» Required work
Since only part of the material below is wanted, output exactly the lines from the one with "using assms(2) unfolding" up to and including the one with "by (simp add: enabled_iff_preG_le preG_def preT_def)".

» Extracted data
....

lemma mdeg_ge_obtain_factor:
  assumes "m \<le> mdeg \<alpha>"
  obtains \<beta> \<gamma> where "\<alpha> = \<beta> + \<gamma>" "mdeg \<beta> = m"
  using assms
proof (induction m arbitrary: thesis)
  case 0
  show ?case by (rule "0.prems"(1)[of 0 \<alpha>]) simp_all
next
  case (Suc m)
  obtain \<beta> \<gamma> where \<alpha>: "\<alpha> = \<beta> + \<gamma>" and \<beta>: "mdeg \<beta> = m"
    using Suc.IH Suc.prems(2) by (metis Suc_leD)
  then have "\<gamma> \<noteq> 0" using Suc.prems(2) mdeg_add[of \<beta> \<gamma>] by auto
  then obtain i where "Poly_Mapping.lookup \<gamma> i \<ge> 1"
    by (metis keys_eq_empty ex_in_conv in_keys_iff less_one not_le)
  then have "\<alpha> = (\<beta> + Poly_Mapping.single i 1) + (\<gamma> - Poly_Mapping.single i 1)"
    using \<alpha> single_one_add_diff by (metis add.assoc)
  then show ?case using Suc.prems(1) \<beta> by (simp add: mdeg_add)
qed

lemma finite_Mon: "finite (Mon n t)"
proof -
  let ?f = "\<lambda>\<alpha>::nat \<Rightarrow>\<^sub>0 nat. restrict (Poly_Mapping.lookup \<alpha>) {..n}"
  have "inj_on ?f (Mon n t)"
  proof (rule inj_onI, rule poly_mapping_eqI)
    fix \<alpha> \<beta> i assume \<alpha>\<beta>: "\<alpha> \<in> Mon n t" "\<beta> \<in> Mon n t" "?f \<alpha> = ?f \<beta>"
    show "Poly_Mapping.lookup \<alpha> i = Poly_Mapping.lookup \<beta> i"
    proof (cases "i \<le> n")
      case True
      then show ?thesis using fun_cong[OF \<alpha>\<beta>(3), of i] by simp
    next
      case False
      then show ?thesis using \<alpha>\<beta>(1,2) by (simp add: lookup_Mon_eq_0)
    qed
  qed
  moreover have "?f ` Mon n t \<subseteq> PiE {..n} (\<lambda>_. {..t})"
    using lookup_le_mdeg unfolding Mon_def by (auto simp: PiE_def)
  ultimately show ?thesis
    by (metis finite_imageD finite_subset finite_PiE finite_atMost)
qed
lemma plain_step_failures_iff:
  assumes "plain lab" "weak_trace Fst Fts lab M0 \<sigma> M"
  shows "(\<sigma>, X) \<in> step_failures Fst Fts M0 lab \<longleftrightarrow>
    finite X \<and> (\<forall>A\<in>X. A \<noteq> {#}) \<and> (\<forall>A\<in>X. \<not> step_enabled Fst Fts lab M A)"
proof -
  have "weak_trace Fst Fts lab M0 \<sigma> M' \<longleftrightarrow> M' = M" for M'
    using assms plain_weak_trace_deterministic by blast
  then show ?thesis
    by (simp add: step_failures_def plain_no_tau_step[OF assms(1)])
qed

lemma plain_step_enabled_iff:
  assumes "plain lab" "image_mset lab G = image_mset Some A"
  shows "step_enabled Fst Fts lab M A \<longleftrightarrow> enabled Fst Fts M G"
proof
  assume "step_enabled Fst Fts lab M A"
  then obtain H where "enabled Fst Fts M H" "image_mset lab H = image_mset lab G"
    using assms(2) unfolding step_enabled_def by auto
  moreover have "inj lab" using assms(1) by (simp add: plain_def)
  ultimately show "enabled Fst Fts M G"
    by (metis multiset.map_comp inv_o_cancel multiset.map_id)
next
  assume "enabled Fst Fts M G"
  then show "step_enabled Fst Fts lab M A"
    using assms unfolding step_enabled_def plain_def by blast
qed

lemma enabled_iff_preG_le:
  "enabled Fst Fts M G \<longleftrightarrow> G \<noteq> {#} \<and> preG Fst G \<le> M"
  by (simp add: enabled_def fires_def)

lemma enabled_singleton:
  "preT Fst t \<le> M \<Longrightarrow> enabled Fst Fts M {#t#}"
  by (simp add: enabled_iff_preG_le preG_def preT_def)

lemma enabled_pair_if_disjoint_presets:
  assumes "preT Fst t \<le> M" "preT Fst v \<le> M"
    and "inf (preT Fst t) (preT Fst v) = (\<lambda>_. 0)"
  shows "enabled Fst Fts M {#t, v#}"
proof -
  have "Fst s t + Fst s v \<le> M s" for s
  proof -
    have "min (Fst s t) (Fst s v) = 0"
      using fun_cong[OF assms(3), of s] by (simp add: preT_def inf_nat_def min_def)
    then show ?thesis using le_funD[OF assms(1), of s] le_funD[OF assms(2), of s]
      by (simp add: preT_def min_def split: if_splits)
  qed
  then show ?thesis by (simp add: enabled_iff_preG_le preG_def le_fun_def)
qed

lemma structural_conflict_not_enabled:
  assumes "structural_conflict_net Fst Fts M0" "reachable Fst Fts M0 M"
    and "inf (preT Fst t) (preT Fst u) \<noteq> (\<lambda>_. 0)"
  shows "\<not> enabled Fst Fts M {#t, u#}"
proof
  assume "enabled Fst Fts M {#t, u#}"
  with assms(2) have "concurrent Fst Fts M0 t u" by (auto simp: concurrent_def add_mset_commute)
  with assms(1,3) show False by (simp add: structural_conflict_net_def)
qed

....

» Expected answer
    using assms(2) unfolding step_enabled_def by auto
  moreover have "inj lab" using assms(1) by (simp add: plain_def)
  ultimately show "enabled Fst Fts M G"
    by (metis multiset.map_comp inv_o_cancel multiset.map_id)
next
  assume "enabled Fst Fts M G"
  then show "step_enabled Fst Fts lab M A"
    using assms unfolding step_enabled_def plain_def by blast
qed

lemma enabled_iff_preG_le:
  "enabled Fst Fts M G \<longleftrightarrow> G \<noteq> {#} \<and> preG Fst G \<le> M"
  by (simp add: enabled_def fires_def)

lemma enabled_singleton:
  "preT Fst t \<le> M \<Longrightarrow> enabled Fst Fts M {#t#}"
  by (simp add: enabled_iff_preG_le preG_def preT_def)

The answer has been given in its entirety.